What the exercise asks — Those lines of the following listing which contain the string "ennreal" should be returned.
****
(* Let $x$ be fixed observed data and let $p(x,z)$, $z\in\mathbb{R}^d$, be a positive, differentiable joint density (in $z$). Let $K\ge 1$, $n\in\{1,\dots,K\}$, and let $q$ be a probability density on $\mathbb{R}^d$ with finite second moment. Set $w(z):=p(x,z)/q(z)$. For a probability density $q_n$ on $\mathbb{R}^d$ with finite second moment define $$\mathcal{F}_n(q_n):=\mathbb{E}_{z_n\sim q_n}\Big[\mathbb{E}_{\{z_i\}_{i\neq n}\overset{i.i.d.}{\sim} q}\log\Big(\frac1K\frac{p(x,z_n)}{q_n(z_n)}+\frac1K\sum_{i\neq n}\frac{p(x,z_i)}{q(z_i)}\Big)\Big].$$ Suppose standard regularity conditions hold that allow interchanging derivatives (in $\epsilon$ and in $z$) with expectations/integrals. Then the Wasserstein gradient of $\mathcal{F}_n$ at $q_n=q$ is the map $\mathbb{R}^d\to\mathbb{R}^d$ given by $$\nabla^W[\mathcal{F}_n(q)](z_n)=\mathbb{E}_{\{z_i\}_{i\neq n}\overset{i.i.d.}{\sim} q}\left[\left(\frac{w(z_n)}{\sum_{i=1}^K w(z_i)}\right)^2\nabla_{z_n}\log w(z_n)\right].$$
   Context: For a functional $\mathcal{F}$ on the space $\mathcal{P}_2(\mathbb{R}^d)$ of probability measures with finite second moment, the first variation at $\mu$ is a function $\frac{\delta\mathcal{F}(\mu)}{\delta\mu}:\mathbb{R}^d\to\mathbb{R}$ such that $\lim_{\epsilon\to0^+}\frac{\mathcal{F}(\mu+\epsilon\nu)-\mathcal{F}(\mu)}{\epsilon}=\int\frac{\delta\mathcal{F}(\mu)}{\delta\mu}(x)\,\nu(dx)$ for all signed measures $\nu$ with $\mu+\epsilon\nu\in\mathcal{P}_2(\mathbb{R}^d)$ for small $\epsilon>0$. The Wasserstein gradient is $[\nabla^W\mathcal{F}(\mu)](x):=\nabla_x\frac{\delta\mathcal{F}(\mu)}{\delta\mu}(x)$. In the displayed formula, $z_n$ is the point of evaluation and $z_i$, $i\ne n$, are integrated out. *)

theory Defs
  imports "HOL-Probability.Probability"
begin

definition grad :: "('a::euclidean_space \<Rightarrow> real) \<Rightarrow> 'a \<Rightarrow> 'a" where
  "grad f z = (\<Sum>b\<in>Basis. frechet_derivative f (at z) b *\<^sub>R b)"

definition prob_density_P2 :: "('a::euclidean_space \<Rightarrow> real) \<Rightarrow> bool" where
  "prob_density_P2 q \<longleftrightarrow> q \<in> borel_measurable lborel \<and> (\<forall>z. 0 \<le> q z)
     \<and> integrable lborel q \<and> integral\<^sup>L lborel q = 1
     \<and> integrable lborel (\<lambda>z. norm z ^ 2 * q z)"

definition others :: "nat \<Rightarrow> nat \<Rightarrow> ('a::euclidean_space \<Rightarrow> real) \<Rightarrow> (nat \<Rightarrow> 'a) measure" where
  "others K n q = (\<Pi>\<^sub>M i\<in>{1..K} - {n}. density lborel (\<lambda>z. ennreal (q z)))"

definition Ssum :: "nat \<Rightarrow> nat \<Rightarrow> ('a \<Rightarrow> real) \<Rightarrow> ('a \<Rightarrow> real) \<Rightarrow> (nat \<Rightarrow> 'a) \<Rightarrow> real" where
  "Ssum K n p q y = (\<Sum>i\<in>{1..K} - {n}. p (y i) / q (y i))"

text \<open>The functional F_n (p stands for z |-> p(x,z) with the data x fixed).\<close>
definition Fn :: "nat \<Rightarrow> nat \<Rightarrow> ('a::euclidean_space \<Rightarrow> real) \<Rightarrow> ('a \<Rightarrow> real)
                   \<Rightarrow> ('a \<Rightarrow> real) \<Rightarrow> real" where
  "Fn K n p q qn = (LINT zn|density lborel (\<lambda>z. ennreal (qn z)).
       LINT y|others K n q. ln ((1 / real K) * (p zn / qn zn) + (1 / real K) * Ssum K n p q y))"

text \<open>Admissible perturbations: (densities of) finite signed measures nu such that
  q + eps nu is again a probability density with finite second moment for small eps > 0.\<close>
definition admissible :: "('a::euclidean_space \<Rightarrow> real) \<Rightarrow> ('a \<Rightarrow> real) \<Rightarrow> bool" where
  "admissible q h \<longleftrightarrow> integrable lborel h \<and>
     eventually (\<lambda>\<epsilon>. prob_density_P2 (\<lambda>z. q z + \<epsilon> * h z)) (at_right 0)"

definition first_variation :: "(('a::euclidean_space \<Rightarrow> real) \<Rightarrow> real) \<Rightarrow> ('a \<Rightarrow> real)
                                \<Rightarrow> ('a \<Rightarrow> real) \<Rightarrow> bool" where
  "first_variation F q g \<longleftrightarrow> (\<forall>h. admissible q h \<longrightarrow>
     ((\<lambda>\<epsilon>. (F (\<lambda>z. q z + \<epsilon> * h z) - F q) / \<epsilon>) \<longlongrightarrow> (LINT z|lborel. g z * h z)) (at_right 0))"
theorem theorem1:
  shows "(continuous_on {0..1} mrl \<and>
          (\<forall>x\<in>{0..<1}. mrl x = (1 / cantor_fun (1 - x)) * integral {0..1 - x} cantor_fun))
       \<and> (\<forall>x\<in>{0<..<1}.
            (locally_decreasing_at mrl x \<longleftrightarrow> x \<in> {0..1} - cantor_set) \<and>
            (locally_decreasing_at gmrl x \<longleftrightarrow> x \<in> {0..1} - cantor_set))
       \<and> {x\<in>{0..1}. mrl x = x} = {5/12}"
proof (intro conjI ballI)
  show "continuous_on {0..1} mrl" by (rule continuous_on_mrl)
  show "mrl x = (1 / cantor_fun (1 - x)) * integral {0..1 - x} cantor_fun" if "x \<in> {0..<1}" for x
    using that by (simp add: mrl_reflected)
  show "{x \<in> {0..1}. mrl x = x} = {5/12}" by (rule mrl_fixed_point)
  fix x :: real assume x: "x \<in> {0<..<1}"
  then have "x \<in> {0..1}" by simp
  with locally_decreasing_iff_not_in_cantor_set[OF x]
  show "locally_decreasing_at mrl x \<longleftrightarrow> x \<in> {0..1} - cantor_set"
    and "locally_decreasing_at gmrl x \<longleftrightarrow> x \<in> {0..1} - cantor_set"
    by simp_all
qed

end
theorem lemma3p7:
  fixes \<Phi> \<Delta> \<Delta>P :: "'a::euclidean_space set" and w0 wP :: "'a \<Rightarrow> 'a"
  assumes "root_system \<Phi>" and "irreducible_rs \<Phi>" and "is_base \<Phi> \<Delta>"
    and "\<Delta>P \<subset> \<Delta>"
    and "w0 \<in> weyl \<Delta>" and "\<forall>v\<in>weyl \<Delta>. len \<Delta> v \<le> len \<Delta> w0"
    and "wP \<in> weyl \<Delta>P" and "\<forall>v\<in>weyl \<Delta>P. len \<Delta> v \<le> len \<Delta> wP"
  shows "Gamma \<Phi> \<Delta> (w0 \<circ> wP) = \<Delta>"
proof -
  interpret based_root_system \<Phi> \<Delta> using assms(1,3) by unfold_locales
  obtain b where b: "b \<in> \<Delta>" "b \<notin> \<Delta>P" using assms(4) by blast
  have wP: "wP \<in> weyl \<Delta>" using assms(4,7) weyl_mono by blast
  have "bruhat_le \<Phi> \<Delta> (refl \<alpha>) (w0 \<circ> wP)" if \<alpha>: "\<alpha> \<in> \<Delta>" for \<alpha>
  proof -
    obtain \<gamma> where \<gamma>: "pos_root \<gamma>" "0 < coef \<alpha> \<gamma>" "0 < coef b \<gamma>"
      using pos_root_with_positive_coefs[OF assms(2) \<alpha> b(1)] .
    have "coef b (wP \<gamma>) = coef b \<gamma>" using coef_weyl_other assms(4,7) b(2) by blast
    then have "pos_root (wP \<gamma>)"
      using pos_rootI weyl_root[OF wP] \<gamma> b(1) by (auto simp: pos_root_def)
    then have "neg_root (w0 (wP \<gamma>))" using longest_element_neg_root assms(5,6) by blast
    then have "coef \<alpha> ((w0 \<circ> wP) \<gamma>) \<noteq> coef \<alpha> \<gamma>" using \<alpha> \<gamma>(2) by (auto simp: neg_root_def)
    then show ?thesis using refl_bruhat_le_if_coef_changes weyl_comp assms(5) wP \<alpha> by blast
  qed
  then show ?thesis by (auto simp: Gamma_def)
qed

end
****
Result for this task —
  "others K n q = (\<Pi>\<^sub>M i\<in>{1..K} - {n}. density lborel (\<lambda>z. ennreal (q z)))"
  "Fn K n p q qn = (LINT zn|density lborel (\<lambda>z. ennreal (qn z)).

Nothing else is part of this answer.